Task goal: Lines of the records that hold the word "assms" are to be counted; give the number and nothing more.

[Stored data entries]
lemma ring_offset_succ_left:
  "i < n \<Longrightarrow> j < n \<Longrightarrow>
   ring_offset n (ring_succ n i) j = (if ring_offset n i j = - int k then int k else ring_offset n i j - 1)"
  using odd_order unfolding ring_offset_def ring_succ_def by (simp split: if_split; linarith)

lemma ring_offset_pred_left:
  "i < n \<Longrightarrow> j < n \<Longrightarrow>
   ring_offset n (ring_pred n i) j = (if ring_offset n i j = int k then - int k else ring_offset n i j + 1)"
  using odd_order unfolding ring_offset_def ring_pred_def by (simp split: if_split; linarith)

lemma ring_offset_succ_right:
  "i < n \<Longrightarrow> j < n \<Longrightarrow>
   ring_offset n i (ring_succ n j) = (if ring_offset n i j = int k then - int k else ring_offset n i j + 1)"
  using odd_order unfolding ring_offset_def ring_succ_def by (simp split: if_split; linarith)

end

definition pair_gap :: "int \<Rightarrow> int" where
  "pair_gap s = (if 0 \<le> s then s else - s - 1)"

text \<open>
  The closed form of the distance, with \<open>s\<close> the offset from the first to the second index.
  Besides the three cycles, a route may zigzag along the path \<open>c\<^sub>i d\<^sub>i c\<^sub>i\<^sub>+\<^sub>1 d\<^sub>i\<^sub>+\<^sub>1 \<dots>\<close>,
  paying two edges per index; \<open>d\<^sub>j\<close> is entered from the nearer of \<open>c\<^sub>j\<close>, \<open>c\<^sub>j\<^sub>+\<^sub>1\<close>, whence
  \<open>pair_gap s\<close>, and \<open>pair_gap (- s)\<close> when \<open>d\<^sub>i\<close> is left.
\<close>

fun udist :: "nat \<Rightarrow> uvert \<Rightarrow> uvert \<Rightarrow> int" where
  "udist n (A i) (A j) = \<bar>ring_offset n i j\<bar>"
| "udist n (A i) (B j) = \<bar>ring_offset n i j\<bar> + 1"
| "udist n (A i) (C j) = \<bar>ring_offset n i j\<bar> + 2"
| "udist n (A i) (D j) = pair_gap (ring_offset n i j) + 3"
| "udist n (A i) (E j) = pair_gap (ring_offset n i j) + 4"
| "udist n (B i) (A j) = \<bar>ring_offset n i j\<bar> + 1"
| "udist n (B i) (B j) = \<bar>ring_offset n i j\<bar>"
| "udist n (B i) (C j) = \<bar>ring_offset n i j\<bar> + 1"
| "udist n (B i) (D j) = pair_gap (ring_offset n i j) + 2"
| "udist n (B i) (E j) = pair_gap (ring_offset n i j) + 3"
| "udist n (C i) (A j) = \<bar>ring_offset n i j\<bar> + 2"
| "udist n (C i) (B j) = \<bar>ring_offset n i j\<bar> + 1"
| "udist n (C i) (C j) = min (2 * \<bar>ring_offset n i j\<bar>) (\<bar>ring_offset n i j\<bar> + 2)"
| "udist n (C i) (D j) = min (2 * pair_gap (ring_offset n i j) + 1) (pair_gap (ring_offset n i j) + 3)"
| "udist n (C i) (E j) = pair_gap (ring_offset n i j) + 2"
| "udist n (D i) (A j) = pair_gap (- ring_offset n i j) + 3"
| "udist n (D i) (B j) = pair_gap (- ring_offset n i j) + 2"
| "udist n (D i) (C j) = min (2 * pair_gap (- ring_offset n i j) + 1) (pair_gap (- ring_offset n i j) + 3)"
| "udist n (D i) (D j) = min (2 * \<bar>ring_offset n i j\<bar>) (\<bar>ring_offset n i j\<bar> + 2)"
| "udist n (D i) (E j) = \<bar>ring_offset n i j\<bar> + 1"
| "udist n (E i) (A j) = pair_gap (- ring_offset n i j) + 4"
| "udist n (E i) (B j) = pair_gap (- ring_offset n i j) + 3"
| "udist n (E i) (C j) = pair_gap (- ring_offset n i j) + 2"
| "udist n (E i) (D j) = \<bar>ring_offset n i j\<bar> + 1"
| "udist n (E i) (E j) = \<bar>ring_offset n i j\<bar>"

lemma udist_nonneg: "0 \<le> udist n x y"
  by (cases x; cases y) (auto simp: pair_gap_def)

lemma udist_self: "udist n x x = 0"
  by (cases x) (simp_all add: pair_gap_def)

fun U_nbrs :: "nat \<Rightarrow> uvert \<Rightarrow> uvert list" where
  "U_nbrs n (A i) = [A (ring_succ n i), A (ring_pred n i), B i]"
| "U_nbrs n (B i) = [B (ring_succ n i), B (ring_pred n i), A i, C i]"
| "U_nbrs n (C i) = [B i, D i, D (ring_pred n i)]"
| "U_nbrs n (D i) = [C i, C (ring_succ n i), E i]"
| "U_nbrs n (E i) = [E (ring_succ n i), E (ring_pred n i), D i]"

lemma U_verts_cases:
  assumes "x \<in> U_verts n"
  obtains i where "i < n" "x \<in> {A i, B i, C i, D i, E i}"
  using assms by (auto simp: U_verts_def)

lemma U_verts_index [simp]:
  "A i \<in> U_verts n \<longleftrightarrow> i < n" "B i \<in> U_verts n \<longleftrightarrow> i < n" "C i \<in> U_verts n \<longleftrightarrow> i < n"
  "D i \<in> U_verts n \<longleftrightarrow> i < n" "E i \<in> U_verts n \<longleftrightarrow> i < n"
  by (auto simp: U_verts_def)

lemma U_edges_intros:
  assumes "i < n"
  shows "(A i, A (ring_succ n i)) \<in> U_edges n" "(B i, B (ring_succ n i)) \<in> U_edges n"
    "(E i, E (ring_succ n i)) \<in> U_edges n" "(A i, B i) \<in> U_edges n" "(B i, C i) \<in> U_edges n"
    "(C i, D i) \<in> U_edges n" "(D i, E i) \<in> U_edges n" "(C (ring_succ n i), D i) \<in> U_edges n"
  using assms by (auto simp: U_edges_def Suc_mod_eq_ring_succ intro!: bexI[of _ i])

lemma U_adj_nbrs:
  assumes "x \<in> U_verts n" "y \<in> set (U_nbrs n x)"
  shows "U_adj n x y \<and> y \<in> U_verts n"
proof -
  obtain i where i: "i < n" "x \<in> {A i, B i, C i, D i, E i}"
    using assms(1) by (rule U_verts_cases)
  note edges = U_edges_intros[OF i(1)]
    U_edges_intros[OF ring_pred_less[OF i(1)], unfolded ring_succ_pred[OF i(1)]]
  from i(2) assms(2) show ?thesis
    by (elim insertE emptyE) (auto simp: U_adj_def edges ring_succ_pred i(1))
qed

context
  fixes n k :: nat
  assumes odd_order: "n = 2 * k + 1"
begin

Response area: 4